Ezzie tried to stand beside me. Hugo pulled her back down, but not without a struggle. ‘Oh no,’ he muttered fiercely. ‘You aren’t going anywhere.’
She struggled against him, but not with her full power. I could tell she was fighting the same battle on the inside. She clenched her teeth until whatever it was seemed to pass.
‘I’ve never experienced anything like this,’ she whispered, slumping against Hugo’s side like she’d just run a marathon. ‘Though I’m not shadowen anymore, enough remains inside me to feel the pull of La Gargouille.’ She shook her head. ‘The grotesques, the chimeras … even the gargoyles … they have no choice. His control is absolute.’
/> ‘And Augustine controls him,’ said Hugo, shaking his head. ‘He knew about Sebastian the whole time.’ His face became a storm cloud of fury. ‘This is my fault.

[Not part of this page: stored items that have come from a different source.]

(* Let $\mathbb{F}$ be a field with $\mathrm{char}(\mathbb{F})\neq2$ and let $X$ be a unitary alternative $\mathbb{F}$-algebra with unit $e$. Then the map $\mathrm{Inn}\colon X\to\mathcal{E}(X)$, $x\mapsto(x\cdot-,\,-\cdot x)$, is a bijection (indeed a linear isomorphism compatible with the multiplications). Concretely, every pair $(f*-,-*f)\in\mathcal{E}(X)$ satisfies $f*e=e*f=:\alpha\in X$ and $f*x=\alpha x$, $x*f=x\alpha$ for all $x\in X$, and $\mathrm{Inn}$ has trivial kernel.
   Context: An alternative algebra satisfies $(yx)x=y(xx)$ and $x(xy)=(xx)y$. For an alternative algebra $X$, $\mathcal{E}(X)$ (the external weak actor) is the subspace of all pairs $(f*-,\,-*f)\in\mathrm{End}(X)\times\mathrm{End}(X)$ such that for all $x,y\in X$: $f*(xy)=(x*f)y+(f*x)y-x(f*y)$, $(xy)*f=x(f*y)+x(y*f)-(x*f)y$, $x(y*f)=(yx)*f+(xy)*f-y(x*f)$, $(f*x)y=f*(yx)+f*(xy)-(f*y)x$. It carries the bilinear partial multiplication $\langle(f*-,-*f),(g*-,-*g)\rangle=(h*-,-*h)$ with $h*x=-(f*x)*g+f*(g*x)+f*(x*g)$ and $x*h=(x*f)*g+(f*x)*g-f*(x*g)$, defined whenever the result lies in $\mathcal{E}(X)$. *)

theory Defs
  imports Complex_Main
begin

definition bilinear_mult :: "('f::field \<Rightarrow> 'x \<Rightarrow> 'x) \<Rightarrow> ('x::ab_group_add \<Rightarrow> 'x \<Rightarrow> 'x) \<Rightarrow> bool" where
  "bilinear_mult sc mul \<longleftrightarrow>
     (\<forall>x y z. mul (x + y) z = mul x z + mul y z) \<and>
     (\<forall>x y z. mul x (y + z) = mul x y + mul x z) \<and>
     (\<forall>a x y. mul (sc a x) y = sc a (mul x y)) \<and>
     (\<forall>a x y. mul x (sc a y) = sc a (mul x y))"

definition alternative_algebra :: "('f::field \<Rightarrow> 'x \<Rightarrow> 'x) \<Rightarrow> ('x::ab_group_add \<Rightarrow> 'x \<Rightarrow> 'x) \<Rightarrow> bool" where
  "alternative_algebra sc mul \<longleftrightarrow>
     Vector_Spaces.vector_space sc \<and> bilinear_mult sc mul \<and>
     (\<forall>x y. mul (mul y x) x = mul y (mul x x)) \<and>
     (\<forall>x y. mul x (mul x y) = mul (mul x x) y)"

definition unit_elem :: "('x \<Rightarrow> 'x \<Rightarrow> 'x) \<Rightarrow> 'x \<Rightarrow> bool" where
  "unit_elem mul e \<longleftrightarrow> (\<forall>x. mul e x = x \<and> mul x e = x)"

text \<open>The external weak actor: pairs (L, R) = (f*-, -*f) of linear endomorphisms
satisfying the four identities.\<close>

definition ext_weak_actor :: "('f::field \<Rightarrow> 'x \<Rightarrow> 'x) \<Rightarrow> ('x::ab_group_add \<Rightarrow> 'x \<Rightarrow> 'x)
    \<Rightarrow> (('x \<Rightarrow> 'x) \<times> ('x \<Rightarrow> 'x)) set" where
  "ext_weak_actor sc mul = {(L, R).
     Vector_Spaces.linear sc sc L \<and> Vector_Spaces.linear sc sc R \<and>
     (\<forall>x y. L (mul x y) = mul (R x) y + mul (L x) y - mul x (L y)) \<and>
     (\<forall>x y. R (mul x y) = mul x (L y) + mul x (R y) - mul (R x) y) \<and>
     (\<forall>x y. mul x (R y) = R (mul y x) + R (mul x y) - mul y (R x)) \<and>
     (\<forall>x y. mul (L x) y = L (mul y x) + L (mul x y) - mul (L y) x)}"

text \<open>The (raw) product of two pairs; the partial multiplication on E(X) is this
product, defined whenever the result lies in E(X).\<close>

definition ewa_prod :: "('x::ab_group_add \<Rightarrow> 'x \<Rightarrow> 'x)
    \<Rightarrow> ('x \<Rightarrow> 'x) \<times> ('x \<Rightarrow> 'x) \<Rightarrow> ('x \<Rightarrow> 'x) \<times> ('x \<Rightarrow> 'x) \<Rightarrow> ('x \<Rightarrow> 'x) \<times> ('x \<Rightarrow> 'x)" where
  "ewa_prod mul P Q =
     ((\<lambda>x. - (snd Q (fst P x)) + fst P (fst Q x) + fst P (snd Q x)),
      (\<lambda>x. snd Q (snd P x) + snd Q (fst P x) - fst P (snd Q x)))"

definition Inn :: "('x \<Rightarrow> 'x \<Rightarrow> 'x) \<Rightarrow> 'x \<Rightarrow> ('x \<Rightarrow> 'x) \<times> ('x \<Rightarrow> 'x)" where
  "Inn mul a = ((\<lambda>x. mul a x), (\<lambda>x. mul x a))"

end

theory Submission
  imports Defs
begin

text \<open>Linearizing the two alternative laws shows that every left and right
multiplication, the inner pair of any element, satisfies the four identities
defining \<open>\<E>(X)\<close>, and that the raw product of inner pairs is the inner pair of the
product. Conversely, evaluating the first two identities of a pair \<open>(L, R)\<close> at the
unit gives \<open>L e = R e =: \<alpha>\<close> and \<open>2 L y = 2 \<alpha> y\<close>, \<open>2 R x = 2 x \<alpha>\<close>; dividing by 2 shows
that \<open>(L, R)\<close> is the inner pair of \<open>\<alpha>\<close>. Injectivity of \<open>Inn\<close> is \<open>a = a e\<close>.\<close>

context vector_space
begin

lemma double_cancel:
  assumes "(2::'a) \<noteq> 0" and "x + x = y + (y::'b)"
  shows "x = y"
proof -
  have "scale 2 x = scale 2 y"
    using assms(2) by (metis one_add_one scale_left_distrib scale_one)
  then show ?thesis
    using assms(1) by simp
qed

lemma ext_weak_actor_unit_eq_Inn:
  assumes two: "(2::'a) \<noteq> 0" and unit: "unit_elem mul e"
    and P: "P \<in> ext_weak_actor scale mul"
  shows "fst P e = snd P e" and "P = Inn mul (fst P e)"
proof -
  obtain L R where PLR: "P = (L, R)" by (cases P)
  have L_mul: "\<And>x y. L (mul x y) = mul (R x) y + mul (L x) y - mul x (L y)"
    and R_mul: "\<And>x y. R (mul x y) = mul x (L y) + mul x (R y) - mul (R x) y"
    using P unfolding PLR ext_weak_actor_def by blast+
  have e: "\<And>x. mul e x = x" "\<And>x. mul x e = x"
    using unit by (auto simp: unit_elem_def)
  have LR_e: "L e = R e"
    using L_mul[of e e] by (simp only: e diff_add_cancel add_diff_cancel)
  define \<alpha> where "\<alpha> = L e"
  have "L y = mul \<alpha> y" for y
  proof (rule double_cancel[OF two])
    have "L y = mul \<alpha> y + mul \<alpha> y - L y"
      using L_mul[of e y] by (simp only: e LR_e \<alpha>_def)
    then show "L y + L y = mul \<alpha> y + mul \<alpha> y"
      by (simp only: eq_diff_eq add_ac)
  qed
  moreover have "R x = mul x \<alpha>" for x
  proof (rule double_cancel[OF two])
    have "R x = mul x \<alpha> + mul x \<alpha> - R x"
      using R_mul[of x e] by (simp only: e LR_e \<alpha>_def)
    then show "R x + R x = mul x \<alpha> + mul x \<alpha>"
      by (simp only: eq_diff_eq add_ac)
  qed
  ultimately have P_Inn: "P = Inn mul \<alpha>"
    by (simp add: PLR Inn_def fun_eq_iff)
  show "fst P e = snd P e"
    using LR_e by (simp add: PLR)
  show "P = Inn mul (fst P e)"
    by (simp add: P_Inn Inn_def e)
qed

end

lemma inj_Inn_unit:
  assumes "unit_elem mul e"
  shows "inj (Inn mul)"
proof (rule injI)
  fix a b
  assume "Inn mul a = Inn mul b"
  then have "mul a e = mul b e"
    by (simp add: Inn_def fun_eq_iff)
  then show "a = b"
    using assms by (simp add: unit_elem_def)
qed

locale bilinear_algebra = vector_space scale
  for scale :: "'a::field \<Rightarrow> 'b::ab_group_add \<Rightarrow> 'b" +
  fixes mul :: "'b \<Rightarrow> 'b \<Rightarrow> 'b"
  assumes bilinear: "bilinear_mult scale mul"
begin

lemma mul_add_left: "mul (x + y) z = mul x z + mul y z"
  and mul_add_right: "mul x (y + z) = mul x y + mul x z"
  and mul_scale_left: "mul (scale c x) y = scale c (mul x y)"
  and mul_scale_right: "mul x (scale c y) = scale c (mul x y)"
  using bilinear by (auto simp: bilinear_mult_def)

lemma linear_mul_left: "Vector_Spaces.linear scale scale (mul a)"
  by (simp add: Vector_Spaces.linear_iff vector_space_axioms mul_add_right mul_scale_right)

lemma linear_mul_right: "Vector_Spaces.linear scale scale (\<lambda>x. mul x a)"
  by (simp add: Vector_Spaces.linear_iff vector_space_axioms mul_add_left mul_scale_left)

lemma Inn_add:
  "fst (Inn mul (a + b)) x = fst (Inn mul a) x + fst (Inn mul b) x"
  "snd (Inn mul (a + b)) x = snd (Inn mul a) x + snd (Inn mul b) x"
  by (simp_all add: Inn_def mul_add_left mul_add_right)

lemma Inn_scale:
  "fst (Inn mul (scale c a)) x = scale c (fst (Inn mul a) x)"
  "snd (Inn mul (scale c a)) x = scale c (snd (Inn mul a) x)"
  by (simp_all add: Inn_def mul_scale_left mul_scale_right)

end

locale alternative_alg = bilinear_algebra +
  assumes right_alternative: "mul (mul y x) x = mul y (mul x x)"
    and left_alternative: "mul x (mul x y) = mul (mul x x) y"
begin

lemma left_alternative_linearized:
  "mul x (mul z y) + mul z (mul x y) = mul (mul x z) y + mul (mul z x) y"
proof -
  have "mul (x + z) (mul (x + z) y) = mul (mul (x + z) (x + z)) y"
    by (rule left_alternative)
  then have "mul x (mul x y) + mul x (mul z y) + (mul z (mul x y) + mul z (mul z y))
      = mul (mul x x) y + mul (mul x z) y + (mul (mul z x) y + mul (mul z z) y)"
    by (simp add: mul_add_left mul_add_right add_ac)
  then show ?thesis
    using left_alternative[of x y] left_alternative[of z y] by (simp add: algebra_simps)
qed

lemma right_alternative_linearized:
  "mul (mul y x) z + mul (mul y z) x = mul y (mul x z) + mul y (mul z x)"
proof -
  have "mul (mul y (x + z)) (x + z) = mul y (mul (x + z) (x + z))"
    by (rule right_alternative)
  then have "mul (mul y x) x + mul (mul y z) x + (mul (mul y x) z + mul (mul y z) z)
      = mul y (mul x x) + mul y (mul z x) + (mul y (mul x z) + mul y (mul z z))"
    by (simp add: mul_add_left mul_add_right add_ac)
  then show ?thesis
    using right_alternative[of y x] right_alternative[of y z] by (simp add: algebra_simps)
qed

lemma Inn_in_ext_weak_actor: "Inn mul a \<in> ext_weak_actor scale mul"
  unfolding ext_weak_actor_def Inn_def mem_Collect_eq case_prod_conv
proof (intro conjI allI linear_mul_left linear_mul_right)
  fix x y
  show "mul a (mul x y) = mul (mul x a) y + mul (mul a x) y - mul x (mul a y)"
    using left_alternative_linearized[of a x y] by (simp only: eq_diff_eq add_ac)
  show "mul (mul x y) a = mul x (mul a y) + mul x (mul y a) - mul (mul x a) y"
    using right_alternative_linearized[of x a y] by (simp only: eq_diff_eq add_ac)
  show "mul x (mul y a) = mul (mul y x) a + mul (mul x y) a - mul y (mul x a)"
    using left_alternative_linearized[of x y a] by (simp only: eq_diff_eq add_ac)
  show "mul (mul a x) y = mul a (mul y x) + mul a (mul x y) - mul (mul a y) x"
    using right_alternative_linearized[of a x y] by (simp only: eq_diff_eq add_ac)
qed

lemma ewa_prod_Inn: "ewa_prod mul (Inn mul a) (Inn mul b) = Inn mul (mul a b)"
proof -
  have "- mul (mul a x) b + mul a (mul b x) + mul a (mul x b) = mul (mul a b) x" for x
    using right_alternative_linearized[of a b x] by (simp add: algebra_simps)
  moreover have "mul (mul x a) b + mul (mul a x) b - mul a (mul x b) = mul x (mul a b)" for x
    using left_alternative_linearized[of x a b] by (simp add: algebra_simps)
  ultimately show ?thesis
    by (simp add: ewa_prod_def Inn_def fun_eq_iff)
qed

lemma Inn_image_unit:
  assumes "(2::'a) \<noteq> 0" and "unit_elem mul e"
  shows "range (Inn mul) = ext_weak_actor scale mul"
proof
  show "range (Inn mul) \<subseteq> ext_weak_actor scale mul"
    using Inn_in_ext_weak_actor by blast
  show "ext_weak_actor scale mul \<subseteq> range (Inn mul)"
    using ext_weak_actor_unit_eq_Inn(2)[OF assms] by blast
qed

end

lemma alternative_alg_iff: "alternative_alg sc mul \<longleftrightarrow> alternative_algebra sc mul"
  by (auto simp: alternative_alg_def alternative_alg_axioms_def bilinear_algebra_def
      bilinear_algebra_axioms_def alternative_algebra_def)

theorem mainTheorem4:
  fixes sc :: "'f::field \<Rightarrow> 'x::ab_group_add \<Rightarrow> 'x"
    and mul :: "'x \<Rightarrow> 'x \<Rightarrow> 'x"
    and e :: 'x
  assumes char: "(2::'f) \<noteq> 0"
    and alt: "alternative_algebra sc mul"
    and unit: "unit_elem mul e"
  shows "bij_betw (Inn mul) UNIV (ext_weak_actor sc mul)
    \<and> (\<forall>a b x. fst (Inn mul (a + b)) x = fst (Inn mul a) x + fst (Inn mul b) x
                 \<and> snd (Inn mul (a + b)) x = snd (Inn mul a) x + snd (Inn mul b) x)
    \<and> (\<forall>c a x. fst (Inn mul (sc c a)) x = sc c (fst (Inn mul a) x)
                 \<and> snd (Inn mul (sc c a)) x = sc c (snd (Inn mul a) x))
    \<and> (\<forall>a b. ewa_prod mul (Inn mul a) (Inn mul b) = Inn mul (mul a b))
    \<and> (\<forall>P \<in> ext_weak_actor sc mul.
         fst P e = snd P e \<and>
         (\<forall>x. fst P x = mul (fst P e) x \<and> snd P x = mul x (fst P e)))
    \<and> (\<forall>a. Inn mul a = Inn mul 0 \<longrightarrow> a = 0)"
proof -
  interpret alternative_alg sc mul
    using alt by (simp add: alternative_alg_iff)
  have inj: "inj (Inn mul)"
    using unit by (rule inj_Inn_unit)
  have inner: "fst P e = snd P e \<and> (\<forall>x. fst P x = mul (fst P e) x \<and> snd P x = mul x (fst P e))"
    if "P \<in> ext_weak_actor sc mul" for P
    using ext_weak_actor_unit_eq_Inn[OF char unit that] by (metis Inn_def fst_conv snd_conv)
  have bij: "bij_betw (Inn mul) UNIV (ext_weak_actor sc mul)"
    using inj Inn_image_unit[OF char unit] by (simp add: bij_betw_def)
  have kernel: "Inn mul a = Inn mul 0 \<longrightarrow> a = 0" for a
    using inj by (simp add: inj_eq)
  show ?thesis
    using bij Inn_add Inn_scale ewa_prod_Inn inner kernel by blast
qed

end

I gave that traitor the tattoo. I was an idiot to even think he’d—’
‘Stop it,’ I snapped. My fear burned through my nerves. ‘Augustine would’ve found another way. He’s been working at this for years. If we sit here blaming ourselves, we may as well just give up.’ I looked at Ezzie. ‘Can you understand anything else Sebastian’s saying?’
Ezzie shook herself off and rose upright. ‘He’s ceased communicating. I think there might be …’
She sniffed the air, and a scowl twisted her features. She eased her head around the tombstone. We followed her movement. At first, I couldn’t see anything different. Sebastian remained where he was, head down. The chimeras and grotesques hissed and snarled in eerie succession, the unsettling noises filtering through the thick air.
Sebastian tucked his wings against his back and retreated, melting into the darkness at the edge of the clearing. The gargoyles rose to their feet and followed. The remaining shadowen silently disappeared into the trees until it seemed as though they’d never been there at all.
Augustine strolled to the center of the clearing and spread his arms wide. ‘So glad you could make it,’ he said.
Seven people wearing rich violet cloaks stepped into view from one of the graveled pathways. They lowered their hoods and followed a short, older woman into the center of the clearing. I cast a quick glance at Hugo and Ezzie. Their faces revealed what I’d already guessed.
The Sobrasi.
The woman halted in front of Augustine. ‘What have you done with our guardians?’
Augustine’s brows lifted. ‘You’ve misplaced your gargoyles? How very inconvenient for you. I’m sure they’ll be along shortly. After all, they’ve sworn to protect you.’
‘This is your last opportunity, Augustine,’ said the woman in a low, threatening tone. ‘You’ve proven yourself incapable of harnessing this one shadowen successfully thus far. We are beginning to doubt whether you truly have what you claim.’